To facilitate the discussion about the effect of the BHB metrics on testing methods, we arbitrary defined 4 possible test protocols, using the 0.10 mmol/L cut-off level. To avoid possible effects of the sampling strategy of the HN on the comparison of the protocols, we decided to use data of the first 20 DIM only. The protocols differed in the used test window and the selection of the samples within the windows. Both used windows are commonly used on farms in the participating countries. Definitions are provided in Table 2.

TABLE 2

Table 2. Mean herd cumulative incidence (and range between brackets) of cows with milk β-hydroxybutyrate (BHB) above 0.10 mmol/L for 5 different monitoring protocols.

Data editing

Only herds that used an HN at least since January 2017 were considered eligible because this ensured that the farmers used the HN for their cow management for at least 1.5 year. Consequently, 3 herds were excluded. An additional 3 herds were excluded because their dataset was not complete. We started therefore with a dataset containing 35 herds with a total of 149,249 BHB measurements and a dataset containing 4,848 cows, which were merged using herd-specific and unique cow-ID’s. BHB-measurements before 3 DIM or after 60 DIM (n = 1,005) were excluded as they fall outside the HN BHB test protocol (14). Consequently, 148,244 BHB-measurements remained in the dataset. Milk BHB-values ranged between 0.0003 and 1.19 mmol/L. Data-editing further included aggregating information per unique cow and parity combination for: herd, unique cow-number, parity, calving date, first date with a BHB-measurement, lowest DIM with a BHB-measurement, last date with a BHB-measurement, highest DIM with a BHB-measurement, number of BHB-measurements, maximum BHB concentration, and BHB-measurements for each DIM between 3 and 60 DIM. In case there were multiple BHB-measurements for a cow on the same DIM, 1 BHB measurement was randomly selected.

In a next step, we excluded 1,715 cows as the cows had no BHB measurements (n = 213), were removed from the herd within 60 DIM (n = 159), the recorded calving date did not match with the DIM (n = 37), they had less than 16 BHB measurements between 3 and 20 DIM or less than 9 BHB measurements between 21 and 60 DIM (n = 547), did not have a first BHB measurement within the first 5 DIM and did not have a last BHB measurement after 55 DIM (n = 24) which is less than expected given the HN test protocol.
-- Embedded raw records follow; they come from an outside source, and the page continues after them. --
lemma base_polytope_Fpath_eq_edge_vector:
  assumes u: "u \<in> base_polytope N (Fpath r)" and r: "1 \<le> r" "r+1 \<le> N"
  shows "u = edge_vector r (u r)"
proof -
  have out: "\<And>j. j \<notin> {1..N} \<Longrightarrow> u j = 0"
    and le: "\<And>S. S \<subseteq> {1..N} \<Longrightarrow> (\<Sum>j\<in>S. u j) \<le> Fpath r S"
    and tot: "(\<Sum>j\<in>{1..N}. u j) = 0"
    using u r unfolding base_polytope_def by (auto simp: Fpath_eq_0_if_superset)
  have off_edge: "u j = 0" if "j \<noteq> r" "j \<noteq> r+1" for j
  proof (cases "j \<in> {1..N}")
    case True
    have "u j \<le> 0"
      using le[of "{j}"] True that by (simp add: Fpath_eq_0_if_disjoint)
    moreover have "(\<Sum>k\<in>{1..N} - {j}. u k) \<le> 0"
      using le[of "{1..N} - {j}"] r that by (simp add: Fpath_eq_0_if_superset)
    then have "- u j \<le> 0"
      using True tot by (simp add: sum_diff1)
    ultimately show ?thesis by simp
  qed (use out in blast)
  have "(\<Sum>j\<in>{1..N}. u j) = u r + u (r+1)"
    by (subst sum.mono_neutral_right[of "{1..N}" "{r, r+1}"]) (use r off_edge in auto)
  then have "u (r+1) = - u r" using tot by simp
  then show ?thesis
    using off_edge by (auto simp: edge_vector_def)
qed

lemma edge_vector_in_base_polytope:
  assumes a: "\<bar>a\<bar> \<le> 1" and r: "1 \<le> r" "r+1 \<le> N"
  shows "edge_vector r a \<in> base_polytope N (Fpath r)"
  unfolding base_polytope_def
proof (intro CollectI conjI allI impI)
  fix S assume "S \<subseteq> {1..N}"
  then have "finite S" by (rule finite_subset) simp
  moreover have "(if r \<in> S then a else 0) - (if r+1 \<in> S then a else 0) \<le> Fpath r S"
    using a by (cases "r \<in> S"; cases "r+1 \<in> S") (auto simp: Fpath_def)
  ultimately show "(\<Sum>i\<in>S. edge_vector r a i) \<le> Fpath r S"
    by (simp add: sum_edge_vector)
next
  show "(\<Sum>i\<in>{1..N}. edge_vector r a i) = Fpath r {1..N}"
    using r by (simp add: sum_edge_vector Fpath_eq_0_if_superset)
qed (use r in \<open>auto simp: edge_vector_def\<close>)

lemma prodB_Fpath_eq_edge_vector:
  assumes y: "y \<in> prodB N R Fpath" and "R < N"
  shows "y r = edge_vector r (path_coeff R y r)"
proof (cases "r \<in> {1..R}")
  case True
  then have "y r \<in> base_polytope N (Fpath r)" using y unfolding prodB_def by auto
  with True \<open>R < N\<close> show ?thesis
    by (simp add: path_coeff_def base_polytope_Fpath_eq_edge_vector)
qed (use y in \<open>auto simp: prodB_def path_coeff_def\<close>)

lemma Aop_prodB_Fpath:
  assumes y: "y \<in> prodB N R Fpath" and "R < N" and "1 \<le> i"
  shows "Aop R y i = path_coeff R y i - path_coeff R y (i-1)"
proof -
  have "Aop R y i = (\<Sum>r\<in>{1..R}. (if r = i then y r r else 0) - (if r = i-1 then y r r else 0))"
    unfolding Aop_def
    by (intro sum.cong refl, subst prodB_Fpath_eq_edge_vector[OF assms(1,2)])
       (use \<open>1 \<le> i\<close> in \<open>auto simp: edge_vector_def path_coeff_def\<close>)
  then show ?thesis
    by (simp add: sum_subtractf path_coeff_def)
qed

lemma sqnormN_nonneg: "sqnormN N v \<ge> 0"
  unfolding sqnormN_def by (simp add: sum_nonneg)

lemma sqnormN_eq_0_iff: "sqnormN N v = 0 \<longleftrightarrow> (\<forall>i\<in>{1..N}. v i = 0)"
  unfolding sqnormN_def by (simp add: sum_nonneg_eq_0_iff)

lemma zero_in_prodB_Fpath:
  assumes "R < N"
  shows "(\<lambda>r i. 0) \<in> prodB N R Fpath"
  using edge_vector_in_base_polytope[of 0] assms by (auto simp: prodB_def)

lemma prodB_Fpath_eq_zero_if_Aop_eq_zero:
  assumes y: "y \<in> prodB N R Fpath" and "R < N"
    and A0: "\<forall>i\<in>{1..N}. Aop R y i = 0"
  shows "y = (\<lambda>r i. 0)"
proof -
  have "i \<le> R \<longrightarrow> path_coeff R y i = 0" for i
  proof (induction i)
    case (Suc i)
    show ?case
    proof
      assume "Suc i \<le> R"
      then have "Aop R y (Suc i) = 0" using A0 \<open>R < N\<close> by simp
      then show "path_coeff R y (Suc i) = 0"
        using Suc.IH \<open>Suc i \<le> R\<close> Aop_prodB_Fpath[OF y \<open>R < N\<close>, of "Suc i"] by simp
    qed
  qed (simp add: path_coeff_def)
  then have "path_coeff R y r = 0" for r
    by (cases "r \<le> R") (auto simp: path_coeff_def)
  then show ?thesis
    using prodB_Fpath_eq_edge_vector[OF y \<open>R < N\<close>] by auto
qed

lemma Xi_Fpath:
  assumes "R < N"
  shows "Xi N R Fpath = {\<lambda>r i. 0}"
proof -
  have A_zero: "sqnormN N (Aop R (\<lambda>r i. 0)) = 0"
    by (simp add: sqnormN_def Aop_def)
  have "y = (\<lambda>r i. 0)" if "y \<in> Xi N R Fpath" for y
  proof -
    have y: "y \<in> prodB N R Fpath"
      using that by (simp add: Xi_def)
    have "sqnormN N (Aop R y) \<le> 0"
      using that zero_in_prodB_Fpath[OF assms] A_zero unfolding Xi_def by fastforce
    then have "sqnormN N (Aop R y) = 0"
      using sqnormN_nonneg by (rule antisym)
    then show ?thesis
      using prodB_Fpath_eq_zero_if_Aop_eq_zero[OF y assms] by (simp add: sqnormN_eq_0_iff)
  qed
  moreover have "(\<lambda>r i. 0) \<in> Xi N R Fpath"
    using zero_in_prodB_Fpath[OF assms] A_zero sqnormN_nonneg by (simp add: Xi_def)
  ultimately show ?thesis by blast
qed

lemma proj_Xi_Fpath:
  assumes "R < N"
  shows "proj_Xi N R Fpath y = (\<lambda>r i. 0)"
  unfolding proj_Xi_def Xi_Fpath[OF assms] by (rule the_equality) auto

lemma ell_star_le_ratio:
  assumes y: "y \<in> prodB N R F"
    and pos: "sqnormNR N R (\<lambda>r i. proj_Xi N R F y r i - y r i) > 0"
  shows "ell_star N R F \<le> sqnormN N (\<lambda>i. Aop R y i - Aop R (proj_Xi N R F y) i)
                             / sqnormNR N R (\<lambda>r i. proj_Xi N R F y r i - y r i)"
  unfolding ell_star_def
proof (rule cSup_least)
  show "{l. 0 \<le> l \<and> (\<forall>y\<in>prodB N R F. l * sqnormNR N R (\<lambda>r i. proj_Xi N R F y r i - y r i)
          \<le> sqnormN N (\<lambda>i. Aop R y i - Aop R (proj_Xi N R F y) i))} \<noteq> {}"
    using sqnormN_nonneg by auto
qed (use y pos in \<open>auto simp: pos_le_divide_eq\<close>)

text \<open>Truncated subtraction makes the height vanish for r = 0 and every r \<ge> 2n+1.\<close>

definition tent_height :: "nat \<Rightarrow> nat \<Rightarrow> real" where
  "tent_height n r = real (min r (2*n + 1 - r)) / real n"

definition tent_witness :: "nat \<Rightarrow> nat \<Rightarrow> nat \<Rightarrow> real" where
  "tent_witness n r = edge_vector r (tent_height n r)"

lemma tent_height_bound: "n \<ge> 1 \<Longrightarrow> \<bar>tent_height n r\<bar> \<le> 1"
  by (simp add: tent_height_def)

lemma tent_witness_in_prodB:
  assumes "n \<ge> 1"
  shows "tent_witness n \<in> prodB (2*n+1) (2*n) Fpath"
  unfolding prodB_def
proof (intro CollectI conjI allI ballI impI)
  fix r assume "r \<notin> {1..2*n}"
  then have "tent_height n r = 0" by (auto simp: tent_height_def)
  then show "tent_witness n r = (\<lambda>_. 0)" by (simp add: tent_witness_def)
qed (use assms tent_height_bound in \<open>auto simp: tent_witness_def intro!: edge_vector_in_base_polytope\<close>)

lemma path_coeff_tent_witness:
  "r \<le> 2*n+1 \<Longrightarrow> path_coeff (2*n) (tent_witness n) r = tent_height n r"
  by (auto simp: path_coeff_def tent_witness_def edge_vector_def tent_height_def)

lemma tent_height_diff:
  assumes "1 \<le> i" "i \<le> 2*n+1"
  shows "tent_height n i - tent_height n (i-1) = (if i \<le> n then 1 else if i = n+1 then 0 else -1) / real n"
  using assms by (auto simp: tent_height_def min_def diff_divide_distrib[symmetric] of_nat_diff)

lemma sqnormN_Aop_tent_witness:
  assumes "n \<ge> 1"
  shows "sqnormN (2*n+1) (Aop (2*n) (tent_witness n)) = 2 / real n"
proof -
  have "sqnormN (2*n+1) (Aop (2*n) (tent_witness n))
      = (\<Sum>i\<in>{1..2*n+1}. 1 / (real n)\<^sup>2 - (if i = n+1 then 1 / (real n)\<^sup>2 else 0))"
    unfolding sqnormN_def
  proof (rule sum.cong)
    fix i assume i: "i \<in> {1..2*n+1}"
    then have "Aop (2*n) (tent_witness n) i = tent_height n i - tent_height n (i-1)"
      using Aop_prodB_Fpath[OF tent_witness_in_prodB[OF assms]] path_coeff_tent_witness[of i n]
        path_coeff_tent_witness[of "i-1" n] by auto
    then show "(Aop (2*n) (tent_witness n) i)\<^sup>2 = 1 / (real n)\<^sup>2 - (if i = n+1 then 1 / (real n)\<^sup>2 else 0)"
      using i tent_height_diff[of i n] by (auto simp: power_divide)
  qed simp
  also have "\<dots> = (2 * real n + 1) / (real n)\<^sup>2 - 1 / (real n)\<^sup>2"
    by (simp add: sum_subtractf)
  also have "\<dots> = 2 / real n"
    using assms by (simp add: field_simps power2_eq_square)
  finally show ?thesis .
qed

lemma sum_squares_nat: "(\<Sum>k\<in>{1..n}. (real k)\<^sup>2) = real n * (real n + 1) * (2 * real n + 1) / 6"
  by (induction n) (simp_all add: field_simps power2_eq_square)

lemma sum_tent_height_squares:
  "(\<Sum>r\<in>{1..2*n}. (real (min r (2*n + 1 - r)))\<^sup>2) = 2 * (\<Sum>k\<in>{1..n}. (real k)\<^sup>2)"
proof -
  have "(\<Sum>r\<in>{1..2*n}. (real (min r (2*n + 1 - r)))\<^sup>2) = (\<Sum>r\<in>{1..n+n}. (real (min r (2*n + 1 - r)))\<^sup>2)"
    by (simp only: mult_2)
  also have "\<dots> = (\<Sum>r\<in>{1..n}. (real (min r (2*n + 1 - r)))\<^sup>2) + (\<Sum>r\<in>{n+1..n+n}. (real (min r (2*n + 1 - r)))\<^sup>2)"
    by (rule sum.ub_add_nat) simp
  also have "(\<Sum>r\<in>{1..n}. (real (min r (2*n + 1 - r)))\<^sup>2) = (\<Sum>k\<in>{1..n}. (real k)\<^sup>2)"
    by (rule sum.cong) auto
  also have "(\<Sum>r\<in>{n+1..n+n}. (real (min r (2*n + 1 - r)))\<^sup>2) = (\<Sum>k\<in>{1..n}. (real k)\<^sup>2)"
  proof (rule sum.reindex_bij_witness[of _ "\<lambda>k. 2*n+1-k" "\<lambda>r. 2*n+1-r"])
    fix r assume "r \<in> {n+1..n+n}"
    then have "min r (2*n + 1 - r) = 2*n + 1 - r" by (simp add: min_def, arith)
    then show "(real (2*n+1-r))\<^sup>2 = (real (min r (2*n + 1 - r)))\<^sup>2" by simp
  qed (simp only: atLeastAtMost_iff, arith)+
  finally show ?thesis by simp
qed

lemma sqnormNR_tent_witness:
  assumes "n \<ge> 1"
  shows "sqnormNR (2*n+1) (2*n) (tent_witness n) = 2 * (real n + 1) * (2 * real n + 1) / (3 * real n)"
proof -
  have "sqnormNR (2*n+1) (2*n) (tent_witness n) = (\<Sum>r\<in>{1..2*n}. 2 * (tent_height n r)\<^sup>2)"
    unfolding sqnormNR_def
  proof (rule sum.cong)
    fix r assume r: "r \<in> {1..2*n}"
    have "(\<Sum>i\<in>{1..2*n+1}. (tent_witness n r i)\<^sup>2)
        = (\<Sum>i\<in>{1..2*n+1}. (if i = r then (tent_height n r)\<^sup>2 else 0) + (if i = r+1 then (tent_height n r)\<^sup>2 else 0))"
      by (rule sum.cong) (use r in \<open>auto simp: tent_witness_def edge_vector_def\<close>)
    then show "(\<Sum>i\<in>{1..2*n+1}. (tent_witness n r i)\<^sup>2) = 2 * (tent_height n r)\<^sup>2"
      using r by (simp add: sum.distrib)
  qed simp
  also have "\<dots> = 2 * (\<Sum>r\<in>{1..2*n}. (real (min r (2*n + 1 - r)))\<^sup>2) / (real n)\<^sup>2"
    by (simp add: tent_height_def power_divide sum_distrib_left sum_divide_distrib)
  also have "\<dots> = 2 * (real n + 1) * (2 * real n + 1) / (3 * real n)"
    unfolding sum_tent_height_squares sum_squares_nat using assms by (simp add: field_simps power2_eq_square)
  finally show ?thesis .
qed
Furthermore, we removed cows that had not a BHB measurement on the randomly selected date according to the test protocols that are presented in Table 2 (n = 735). This resulted in a final dataset with 3,133 cows, who’s records were used in all analyses.
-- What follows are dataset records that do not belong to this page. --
lemma breakpoint_cost_le:
  "\<exists>c\<ge>0. \<forall>T\<ge>1. real (breakpoints N \<mu> (S (Suc (epoch_of \<rho> l T)))) * real (len (epoch_of \<rho> l T))
                \<le> c * real T powr ((1 + \<nu>) / 2)"
proof -
  obtain c1 where c1: "0 \<le> c1"
    "\<And>T. 1 \<le> T \<Longrightarrow> real (len (epoch_of \<rho> l T)) \<le> c1 * real T powr ((1 - \<nu>) / 2)"
    using last_epoch_len_le by blast
  obtain c2 where c2: "0 \<le> c2"
    "\<And>T. 1 \<le> T \<Longrightarrow> real (breakpoints N \<mu> (S (Suc (epoch_of \<rho> l T)))) \<le> c2 * real T powr \<nu>"
    using breakpoints_before_epoch_end_le by blast
  show ?thesis
  proof (intro exI conjI allI impI)
    show "0 \<le> c2 * c1" using c1 c2 by simp
    fix T :: nat assume T: "1 \<le> T"
    have "real (breakpoints N \<mu> (S (Suc (epoch_of \<rho> l T)))) * real (len (epoch_of \<rho> l T))
            \<le> (c2 * real T powr \<nu>) * (c1 * real T powr ((1 - \<nu>) / 2))"
      using c1 c2 T by (intro mult_mono) auto
    also have "\<dots> = c2 * c1 * (real T powr \<nu> * real T powr ((1 - \<nu>) / 2))"
      by (simp add: ac_simps)
    also have "real T powr \<nu> * real T powr ((1 - \<nu>) / 2) = real T powr ((1 + \<nu>) / 2)"
    proof -
      have "\<nu> + (1 - \<nu>) / 2 = (1 + \<nu>) / 2" by (simp add: field_simps)
      then show ?thesis by (simp only: powr_add[symmetric])
    qed
    finally show "real (breakpoints N \<mu> (S (Suc (epoch_of \<rho> l T)))) * real (len (epoch_of \<rho> l T))
                    \<le> c2 * c1 * real T powr ((1 + \<nu>) / 2)" .
  qed
qed
lemma arc_flow_iff_path_flow:
  fixes D c :: "nat \<Rightarrow> real"
  assumes route: "is_route V R" and "0 \<in> V"
  shows "(\<exists>f :: nat \<times> nat \<Rightarrow> real. \<exists>g :: nat \<Rightarrow> real.
            (\<forall>a\<in>arcs V. f a \<ge> 0) \<and> (\<forall>v\<in>customers V. g v \<ge> 0) \<and>
            (\<forall>i\<in>{1..length R}.
               f (node R (i - 1), node R i) + D (node R i)
                 = f (node R i, node R (i + 1)) + g (node R i)) \<and>
            (\<forall>i\<in>{1..length R + 1}. f (node R (i - 1), node R i) \<le> C) \<and>
            (\<forall>i\<in>{1..length R}. g (node R i) \<le> c (node R i)))
         \<longleftrightarrow> (\<exists>phi G. path_flow C (\<lambda>i. D (node R i)) (\<lambda>i. c (node R i)) (length R) phi G)"
    (is "?arc \<longleftrightarrow> ?path")
proof
  assume ?arc
  then obtain f g where
    f: "\<forall>a\<in>arcs V. f a \<ge> 0" "\<forall>i\<in>{1..length R + 1}. f (node R (i - 1), node R i) \<le> C"
    and g: "\<forall>v\<in>customers V. g v \<ge> 0" "\<forall>i\<in>{1..length R}. g (node R i) \<le> c (node R i)"
    and balance: "\<forall>i\<in>{1..length R}. f (node R (i - 1), node R i) + D (node R i)
                                      = f (node R i, node R (i + 1)) + g (node R i)"
    by blast
  have "path_flow C (\<lambda>i. D (node R i)) (\<lambda>i. c (node R i)) (length R)
          (\<lambda>i. f (node R (i - 1), node R i)) (\<lambda>i. g (node R i))"
    using f g balance route_arc[OF route \<open>0 \<in> V\<close>] node_in_customers[OF route]
    by (auto simp: path_flow_def)
  then show ?path by blast
next
  assume ?path
  then obtain phi G where flow: "path_flow C (\<lambda>i. D (node R i)) (\<lambda>i. c (node R i)) (length R) phi G"
    by blast
  have "distinct R" "0 \<notin> set R"
    using route by (auto simp: is_route_def customers_def)
  note pos_node = route_pos_node[OF this] and pos_range = route_pos_range[OF \<open>distinct R\<close>]
  have phi: "\<forall>i\<in>{1..length R + 1}. 0 \<le> phi i \<and> phi i \<le> C"
    and balance: "\<forall>i\<in>{1..length R}. phi i + D (node R i) = phi (Suc i) + G i \<and> 0 \<le> G i \<and> G i \<le> c (node R i)"
    using flow by (simp_all add: path_flow_def)
  define f :: "nat \<times> nat \<Rightarrow> real" where "f = (\<lambda>(u, v). phi (route_pos R v))"
  define g where "g v = (if v \<in> set R then G (route_pos R v) else 0)" for v
  have f_node: "f (node R (i - 1), node R i) = phi i" if "i \<in> {1..length R + 1}" for i
    using pos_node[OF that] by (simp add: f_def)
  have g_node: "g (node R i) = G i" if "i \<in> {1..length R}" for i
    using pos_node[of i] that set_eq_node_image[of R] by (simp add: g_def)
  have "0 \<le> f a" for a
    using phi pos_range by (simp add: f_def split: prod.splits)
  moreover have "0 \<le> g v" for v
  proof (cases "v \<in> set R")
    case True
    then obtain i where "i \<in> {1..length R}" "v = node R i"
      using set_eq_node_image[of R] by auto
    then show ?thesis
      using g_node balance by auto
  qed (simp add: g_def)
  moreover have "f (node R i, node R (i + 1)) = phi (Suc i)" if "i \<in> {1..length R}" for i
    using f_node[of "Suc i"] that by simp
  ultimately show ?arc
    using phi balance f_node g_node by (intro exI[of _ f] exI[of _ g]) auto
qed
From the 35 herds, 30 were located in Netherlands, 4 herds in Belgium, and 1 in Luxembourg. Mean number of included cows per herd after data editing was 89 (range = 14–290). The mean proportion of cows for parity 1, 2, and ≥3 was, respectively, 25.4% (range = 7.1–40.6), 27.7% (range = 9.1–71.4), and 46.9% (range = 27.2–70.4). Mean milk production per day per herd was 29.7 kg milk (range = 21.2–42.3).
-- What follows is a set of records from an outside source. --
text \<open>The perturbing IFS consists of the maps \<open>g k\<close> for \<open>k < n\<close> followed by a finite net of
  \<open>\<omega>\<close>; the net makes it Hausdorff-close to \<open>\<omega>\<close>, and after time \<open>n\<close> the compatible
  sequence \<open>\<sigma>'\<close> follows the net.\<close>

lemma finite_perturbed_IFS:
  fixes M :: "'a::topological_space set" and d :: "'a \<Rightarrow> 'a \<Rightarrow> ereal" and n :: nat
  assumes IFS: "is_IFS M \<Lambda> \<omega>" and "closed M" and refl: "\<And>x. x \<in> M \<Longrightarrow> d x x = 0" and "\<delta> > 0"
    and cs: "set cs \<subseteq> \<Lambda>" and net: "\<And>l. l \<in> \<Lambda> \<Longrightarrow> \<exists>c\<in>set cs. dC0 M d (\<omega> l) (\<omega> c) < ereal \<delta>"
    and \<sigma>: "\<And>k. \<sigma> k \<in> \<Lambda>"
    and g: "\<And>k. k < n \<Longrightarrow> continuous_on M (g k) \<and> g k ` M \<subseteq> M \<and> dC0 M d (\<omega> (\<sigma> k)) (g k) < ereal \<delta>"
  obtains \<Lambda>' :: "(nat \<Rightarrow> real) set" and \<omega>' \<sigma>'
  where "is_IFS M \<Lambda>' \<omega>'" "dH M d \<Lambda> \<omega> \<Lambda>' \<omega>' \<le> ereal \<delta>"
    "\<forall>k. \<sigma>' k \<in> \<Lambda>'" "\<forall>k. dC0 M d (\<omega> (\<sigma> k)) (\<omega>' (\<sigma>' k)) < ereal \<delta>"
    "\<forall>k<n. \<omega>' (\<sigma>' k) = g k"
proof -
  define G where "G i = (if i < n then g i else \<omega> (cs ! (i - n)))" for i
  define N where "N = n + length cs"
  have cs_nth: "cs ! i \<in> \<Lambda>" if "i < length cs" for i
    using cs that by auto
  have "\<exists>j<length cs. dC0 M d (\<omega> (\<sigma> k)) (\<omega> (cs ! j)) < ereal \<delta>" for k
    using net[OF \<sigma>[of k]] by (auto simp: in_set_conv_nth)
  then obtain idx where idx: "\<And>k. idx k < length cs \<and> dC0 M d (\<omega> (\<sigma> k)) (\<omega> (cs ! idx k)) < ereal \<delta>"
    by metis
  define \<sigma>' where "\<sigma>' k = nat_param (if k < n then k else n + idx k)" for k
  have "continuous_on M (G i) \<and> G i ` M \<subseteq> M" if "i < N" for i
  proof (cases "i < n")
    case False
    then have "cs ! (i - n) \<in> \<Lambda>"
      using \<open>i < N\<close> cs_nth by (simp add: N_def)
    then show ?thesis
      using False is_IFS_continuous_on[OF IFS] IFS unfolding G_def is_IFS_def by auto
  qed (use g G_def in auto)
  then have "is_IFS M (nat_param ` {..<N}) (family_IFS G)"
    by (rule is_IFS_family[OF \<open>closed M\<close>])
  moreover have "dH M d \<Lambda> \<omega> (nat_param ` {..<N}) (family_IFS G) \<le> ereal \<delta>"
  proof (rule dH_family_le)
    fix l assume "l \<in> \<Lambda>"
    then obtain j where "j < length cs" "dC0 M d (\<omega> l) (\<omega> (cs ! j)) < ereal \<delta>"
      using net[OF \<open>l \<in> \<Lambda>\<close>] by (auto simp: in_set_conv_nth)
    then show "\<exists>i<N. dC0 M d (\<omega> l) (G i) \<le> ereal \<delta>"
      by (intro exI[of _ "n + j"]) (simp add: G_def N_def)
  next
    fix i assume "i < N"
    have self_close: "dC0 M d (\<omega> c) (\<omega> c) \<le> ereal \<delta>" if "c \<in> \<Lambda>" for c
      using IFS that refl \<open>\<delta> > 0\<close> unfolding is_IFS_def by (intro dC0_le) (simp add: zero_ereal_def)
    show "\<exists>l\<in>\<Lambda>. dC0 M d (\<omega> l) (G i) \<le> ereal \<delta>"
    proof (cases "i < n")
      case True
      then show ?thesis
        using g[OF True] \<sigma>[of i] by (intro bexI[of _ "\<sigma> i"]) (auto simp: G_def)
    next
      case False
      then have "cs ! (i - n) \<in> \<Lambda>"
        using \<open>i < N\<close> cs_nth by (simp add: N_def)
      with False show ?thesis
        using self_close by (intro bexI[of _ "cs ! (i - n)"]) (auto simp: G_def)
    qed
  qed
  moreover have "\<forall>k. \<sigma>' k \<in> nat_param ` {..<N}"
    using idx by (auto simp: \<sigma>'_def N_def)
  moreover have "\<forall>k. dC0 M d (\<omega> (\<sigma> k)) (family_IFS G (\<sigma>' k)) < ereal \<delta>"
    using g idx by (simp add: \<sigma>'_def G_def)
  moreover have "\<forall>k<n. family_IFS G (\<sigma>' k) = g k"
    by (simp add: \<sigma>'_def G_def)
  ultimately show thesis
    by (rule that)
qed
Data editing and descriptive statistics were performed with RStudio and the packages dplyr, tidyr, and ggplot2 (Version 1.2.1335^© 2009–2019 RStudio, Inc.).

Results

Cumulative incidence

The highest cumulative incidence of HK was found when the lowest BHB cut-off was used (0.08 mmol/L, 76.7%). Highest cumulative incidences were found in higher parity cows (see Table 3).

TABLE 3

Table 3. Overall and parity specific cumulative incidence per herd (N = 35) between 3–60 days in milk at different milk β-hydroxybutyrate (BHB) cut-off values based on a dataset including 3,133 cows.

Onset

The median first day of elevated BHB for the different cut-off values within the herd is presented in Table 4. Depending on the used cut-off value, the median first day of HK increased from 8.9 DIM for 0.08 mmol/L to 15.8 DIM for 0.15 mmol/L. The first day of HK was earlier in lactation for higher parity cows.

TABLE 4

Table 4. Herd level (N = 35) median first day of milk β-hydroxybutyrate (BHB) concentration reaching or exceeding three different cut-off values for different parities (range between brackets).

Maximum BHB value

The median of all maximum BHB-concentrations per herd was 0.11 mmol/L. We found that the median of the maximum BHB concentration was lower for cows with parity 1 (0.09 mmol/L) compared to parity 2 (0.10 mmol/L), and cows with parity 3 or higher (0.13 mmol/L).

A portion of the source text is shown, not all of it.